#### Problem details:
After finding the line with "linear, positive, unital" in the data below, set down exactly each line through the one with "b * \<tau> k) \<and>", inclusive, and stop there.

[Stored items]
::::
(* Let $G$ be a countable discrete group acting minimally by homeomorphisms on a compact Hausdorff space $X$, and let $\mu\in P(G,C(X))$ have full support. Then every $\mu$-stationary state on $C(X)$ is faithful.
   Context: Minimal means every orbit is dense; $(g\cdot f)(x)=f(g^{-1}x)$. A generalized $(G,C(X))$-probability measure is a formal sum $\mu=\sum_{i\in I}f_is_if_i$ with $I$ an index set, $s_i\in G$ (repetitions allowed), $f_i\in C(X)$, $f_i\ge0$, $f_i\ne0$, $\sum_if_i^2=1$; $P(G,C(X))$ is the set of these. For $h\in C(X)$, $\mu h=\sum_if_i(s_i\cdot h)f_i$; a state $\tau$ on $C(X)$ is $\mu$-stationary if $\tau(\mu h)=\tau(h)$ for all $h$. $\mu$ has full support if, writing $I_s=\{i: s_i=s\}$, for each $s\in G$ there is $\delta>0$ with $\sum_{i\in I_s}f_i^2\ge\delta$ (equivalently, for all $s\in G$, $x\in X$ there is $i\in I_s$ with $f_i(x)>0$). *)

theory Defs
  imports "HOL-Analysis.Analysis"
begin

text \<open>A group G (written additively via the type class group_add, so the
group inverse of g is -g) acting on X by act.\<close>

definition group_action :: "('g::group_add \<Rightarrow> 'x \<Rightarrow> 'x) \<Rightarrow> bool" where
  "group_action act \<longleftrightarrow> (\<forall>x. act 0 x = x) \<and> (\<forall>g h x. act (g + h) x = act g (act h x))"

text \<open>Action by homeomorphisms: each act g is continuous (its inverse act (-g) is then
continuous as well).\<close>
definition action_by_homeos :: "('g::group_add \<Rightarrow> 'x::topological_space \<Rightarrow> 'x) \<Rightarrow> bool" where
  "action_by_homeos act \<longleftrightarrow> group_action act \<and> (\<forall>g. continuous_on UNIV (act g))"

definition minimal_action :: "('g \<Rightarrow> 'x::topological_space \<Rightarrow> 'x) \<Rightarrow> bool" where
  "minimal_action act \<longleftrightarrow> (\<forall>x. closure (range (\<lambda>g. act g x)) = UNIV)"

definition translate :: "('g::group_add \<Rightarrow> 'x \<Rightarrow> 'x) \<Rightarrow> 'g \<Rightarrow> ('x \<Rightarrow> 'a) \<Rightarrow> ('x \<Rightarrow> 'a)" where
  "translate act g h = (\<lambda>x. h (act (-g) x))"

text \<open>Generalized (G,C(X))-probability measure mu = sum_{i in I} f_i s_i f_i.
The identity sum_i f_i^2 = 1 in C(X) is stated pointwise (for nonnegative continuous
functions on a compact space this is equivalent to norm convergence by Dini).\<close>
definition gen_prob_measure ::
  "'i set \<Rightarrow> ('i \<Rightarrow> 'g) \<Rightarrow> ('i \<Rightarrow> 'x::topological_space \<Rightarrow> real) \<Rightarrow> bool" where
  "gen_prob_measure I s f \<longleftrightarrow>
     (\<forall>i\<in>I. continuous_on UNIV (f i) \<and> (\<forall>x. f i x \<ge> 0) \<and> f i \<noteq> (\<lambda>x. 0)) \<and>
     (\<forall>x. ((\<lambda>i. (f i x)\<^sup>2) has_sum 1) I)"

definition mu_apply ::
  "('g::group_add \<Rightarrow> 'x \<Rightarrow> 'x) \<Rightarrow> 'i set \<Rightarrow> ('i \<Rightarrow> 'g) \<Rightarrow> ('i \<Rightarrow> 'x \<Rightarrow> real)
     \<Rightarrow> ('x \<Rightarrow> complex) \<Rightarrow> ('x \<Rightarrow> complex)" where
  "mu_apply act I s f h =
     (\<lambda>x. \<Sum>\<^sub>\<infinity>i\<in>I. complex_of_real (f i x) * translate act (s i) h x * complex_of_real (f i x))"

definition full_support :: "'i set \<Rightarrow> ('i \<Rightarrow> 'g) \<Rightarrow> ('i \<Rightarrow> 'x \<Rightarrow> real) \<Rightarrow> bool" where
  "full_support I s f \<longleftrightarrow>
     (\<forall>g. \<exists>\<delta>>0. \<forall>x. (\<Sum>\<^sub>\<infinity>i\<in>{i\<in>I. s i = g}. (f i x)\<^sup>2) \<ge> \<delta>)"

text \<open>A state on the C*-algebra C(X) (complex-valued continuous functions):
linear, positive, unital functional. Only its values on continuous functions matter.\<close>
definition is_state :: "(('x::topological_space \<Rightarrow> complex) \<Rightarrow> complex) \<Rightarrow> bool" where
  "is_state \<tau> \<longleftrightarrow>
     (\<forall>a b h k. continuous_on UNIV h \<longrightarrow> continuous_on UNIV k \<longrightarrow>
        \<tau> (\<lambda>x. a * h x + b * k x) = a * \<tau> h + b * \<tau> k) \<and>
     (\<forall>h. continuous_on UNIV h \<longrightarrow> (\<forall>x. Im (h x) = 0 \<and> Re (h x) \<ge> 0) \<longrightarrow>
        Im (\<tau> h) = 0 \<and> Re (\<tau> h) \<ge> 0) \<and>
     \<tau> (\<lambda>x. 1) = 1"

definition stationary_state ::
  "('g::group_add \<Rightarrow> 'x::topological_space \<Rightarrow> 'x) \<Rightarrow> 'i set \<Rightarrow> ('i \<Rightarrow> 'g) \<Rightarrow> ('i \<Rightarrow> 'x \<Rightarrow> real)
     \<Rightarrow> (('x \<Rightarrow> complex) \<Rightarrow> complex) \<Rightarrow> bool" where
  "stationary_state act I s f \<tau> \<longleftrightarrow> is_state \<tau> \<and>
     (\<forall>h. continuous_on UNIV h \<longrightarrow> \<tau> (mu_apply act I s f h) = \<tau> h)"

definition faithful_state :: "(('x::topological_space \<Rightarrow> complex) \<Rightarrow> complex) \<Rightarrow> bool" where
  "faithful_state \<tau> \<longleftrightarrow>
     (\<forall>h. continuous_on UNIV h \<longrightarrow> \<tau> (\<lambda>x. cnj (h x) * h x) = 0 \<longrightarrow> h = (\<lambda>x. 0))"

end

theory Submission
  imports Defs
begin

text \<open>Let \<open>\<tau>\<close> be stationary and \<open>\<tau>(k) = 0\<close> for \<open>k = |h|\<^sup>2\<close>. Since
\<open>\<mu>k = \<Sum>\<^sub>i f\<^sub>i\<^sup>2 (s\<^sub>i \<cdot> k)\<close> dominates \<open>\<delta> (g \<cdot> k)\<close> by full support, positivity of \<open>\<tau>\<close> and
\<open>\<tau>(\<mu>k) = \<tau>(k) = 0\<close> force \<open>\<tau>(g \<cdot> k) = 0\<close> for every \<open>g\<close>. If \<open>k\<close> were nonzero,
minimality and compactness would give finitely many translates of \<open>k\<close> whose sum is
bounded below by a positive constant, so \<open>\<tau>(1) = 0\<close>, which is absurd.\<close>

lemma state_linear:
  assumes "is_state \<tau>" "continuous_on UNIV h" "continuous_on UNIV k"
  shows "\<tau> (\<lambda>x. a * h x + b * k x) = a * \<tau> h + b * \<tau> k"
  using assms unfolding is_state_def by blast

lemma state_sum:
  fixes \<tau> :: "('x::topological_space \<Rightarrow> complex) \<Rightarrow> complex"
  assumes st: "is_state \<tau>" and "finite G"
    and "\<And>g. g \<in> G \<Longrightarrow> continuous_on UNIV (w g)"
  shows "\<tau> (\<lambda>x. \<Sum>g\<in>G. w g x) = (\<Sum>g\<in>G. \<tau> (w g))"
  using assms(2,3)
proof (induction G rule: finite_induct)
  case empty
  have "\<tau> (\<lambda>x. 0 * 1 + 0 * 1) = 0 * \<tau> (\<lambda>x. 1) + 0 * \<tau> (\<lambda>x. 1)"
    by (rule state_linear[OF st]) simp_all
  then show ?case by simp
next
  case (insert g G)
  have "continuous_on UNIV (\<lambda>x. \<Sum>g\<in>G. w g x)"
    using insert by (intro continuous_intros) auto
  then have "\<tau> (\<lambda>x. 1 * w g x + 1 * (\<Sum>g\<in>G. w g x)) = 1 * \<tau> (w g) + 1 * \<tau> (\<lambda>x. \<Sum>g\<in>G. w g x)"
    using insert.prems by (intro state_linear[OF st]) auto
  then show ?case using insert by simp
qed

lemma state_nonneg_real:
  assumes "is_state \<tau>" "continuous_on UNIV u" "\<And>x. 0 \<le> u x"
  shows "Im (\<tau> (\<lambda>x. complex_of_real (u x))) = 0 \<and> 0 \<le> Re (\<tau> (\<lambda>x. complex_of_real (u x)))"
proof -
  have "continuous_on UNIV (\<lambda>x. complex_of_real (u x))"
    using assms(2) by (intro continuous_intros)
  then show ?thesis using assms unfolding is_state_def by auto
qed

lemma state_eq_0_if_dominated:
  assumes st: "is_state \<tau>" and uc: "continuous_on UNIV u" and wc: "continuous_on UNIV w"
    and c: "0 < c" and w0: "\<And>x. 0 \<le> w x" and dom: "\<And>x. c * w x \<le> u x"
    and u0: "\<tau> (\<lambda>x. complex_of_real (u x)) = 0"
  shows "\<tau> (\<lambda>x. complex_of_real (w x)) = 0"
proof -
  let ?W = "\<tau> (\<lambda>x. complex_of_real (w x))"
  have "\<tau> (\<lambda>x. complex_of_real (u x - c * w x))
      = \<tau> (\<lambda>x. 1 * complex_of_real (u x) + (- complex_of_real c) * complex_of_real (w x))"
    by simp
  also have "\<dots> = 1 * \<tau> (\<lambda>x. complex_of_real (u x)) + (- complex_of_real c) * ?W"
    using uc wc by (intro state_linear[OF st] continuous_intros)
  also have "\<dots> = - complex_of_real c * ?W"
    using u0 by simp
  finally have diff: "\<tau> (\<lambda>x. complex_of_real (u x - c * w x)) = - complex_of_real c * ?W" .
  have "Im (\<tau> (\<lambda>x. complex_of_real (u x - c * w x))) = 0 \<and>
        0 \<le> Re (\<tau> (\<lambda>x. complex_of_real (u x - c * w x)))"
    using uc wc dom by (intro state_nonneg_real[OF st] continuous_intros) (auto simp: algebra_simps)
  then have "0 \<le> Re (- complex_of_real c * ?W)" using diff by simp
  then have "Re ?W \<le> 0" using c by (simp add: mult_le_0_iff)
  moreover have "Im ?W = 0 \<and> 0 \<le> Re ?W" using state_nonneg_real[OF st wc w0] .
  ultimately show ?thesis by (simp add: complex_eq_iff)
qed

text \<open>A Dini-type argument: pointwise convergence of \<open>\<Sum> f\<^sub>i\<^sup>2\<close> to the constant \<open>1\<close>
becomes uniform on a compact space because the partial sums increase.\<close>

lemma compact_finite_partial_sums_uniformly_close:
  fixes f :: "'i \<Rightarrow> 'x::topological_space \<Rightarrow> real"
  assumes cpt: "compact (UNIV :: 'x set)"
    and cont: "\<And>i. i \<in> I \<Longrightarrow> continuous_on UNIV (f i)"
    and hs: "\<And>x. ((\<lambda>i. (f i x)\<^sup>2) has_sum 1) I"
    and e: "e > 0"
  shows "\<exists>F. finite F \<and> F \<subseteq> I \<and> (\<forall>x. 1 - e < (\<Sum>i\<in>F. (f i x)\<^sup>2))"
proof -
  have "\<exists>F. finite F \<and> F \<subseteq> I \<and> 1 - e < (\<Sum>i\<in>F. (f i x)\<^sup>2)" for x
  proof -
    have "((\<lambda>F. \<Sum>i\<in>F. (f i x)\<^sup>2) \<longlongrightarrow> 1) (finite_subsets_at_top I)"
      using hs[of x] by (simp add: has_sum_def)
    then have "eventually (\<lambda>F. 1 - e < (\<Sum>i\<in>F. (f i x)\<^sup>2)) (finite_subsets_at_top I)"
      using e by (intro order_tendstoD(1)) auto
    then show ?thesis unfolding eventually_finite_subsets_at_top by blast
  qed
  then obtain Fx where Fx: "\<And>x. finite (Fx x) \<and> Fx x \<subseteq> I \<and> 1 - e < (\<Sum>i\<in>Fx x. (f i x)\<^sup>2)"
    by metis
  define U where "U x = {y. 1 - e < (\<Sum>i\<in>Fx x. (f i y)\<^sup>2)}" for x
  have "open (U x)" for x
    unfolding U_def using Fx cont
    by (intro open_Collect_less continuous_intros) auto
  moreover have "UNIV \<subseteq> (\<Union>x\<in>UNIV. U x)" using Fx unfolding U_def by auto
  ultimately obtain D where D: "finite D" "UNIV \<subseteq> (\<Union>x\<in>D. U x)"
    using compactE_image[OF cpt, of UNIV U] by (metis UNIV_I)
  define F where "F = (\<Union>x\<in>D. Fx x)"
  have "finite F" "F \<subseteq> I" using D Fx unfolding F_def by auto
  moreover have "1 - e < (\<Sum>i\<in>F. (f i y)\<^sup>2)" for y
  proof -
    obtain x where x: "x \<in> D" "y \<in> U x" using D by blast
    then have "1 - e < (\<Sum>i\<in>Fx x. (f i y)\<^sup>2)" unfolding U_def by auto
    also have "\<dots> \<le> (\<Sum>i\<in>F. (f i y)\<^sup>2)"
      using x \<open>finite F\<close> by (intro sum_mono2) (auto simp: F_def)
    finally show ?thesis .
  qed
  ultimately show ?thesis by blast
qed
::::
#### Response area:
linear, positive, unital functional. Only its values on continuous functions matter.\<close>
definition is_state :: "(('x::topological_space \<Rightarrow> complex) \<Rightarrow> complex) \<Rightarrow> bool" where
  "is_state \<tau> \<longleftrightarrow>
     (\<forall>a b h k. continuous_on UNIV h \<longrightarrow> continuous_on UNIV k \<longrightarrow>
        \<tau> (\<lambda>x. a * h x + b * k x) = a * \<tau> h + b * \<tau> k) \<and>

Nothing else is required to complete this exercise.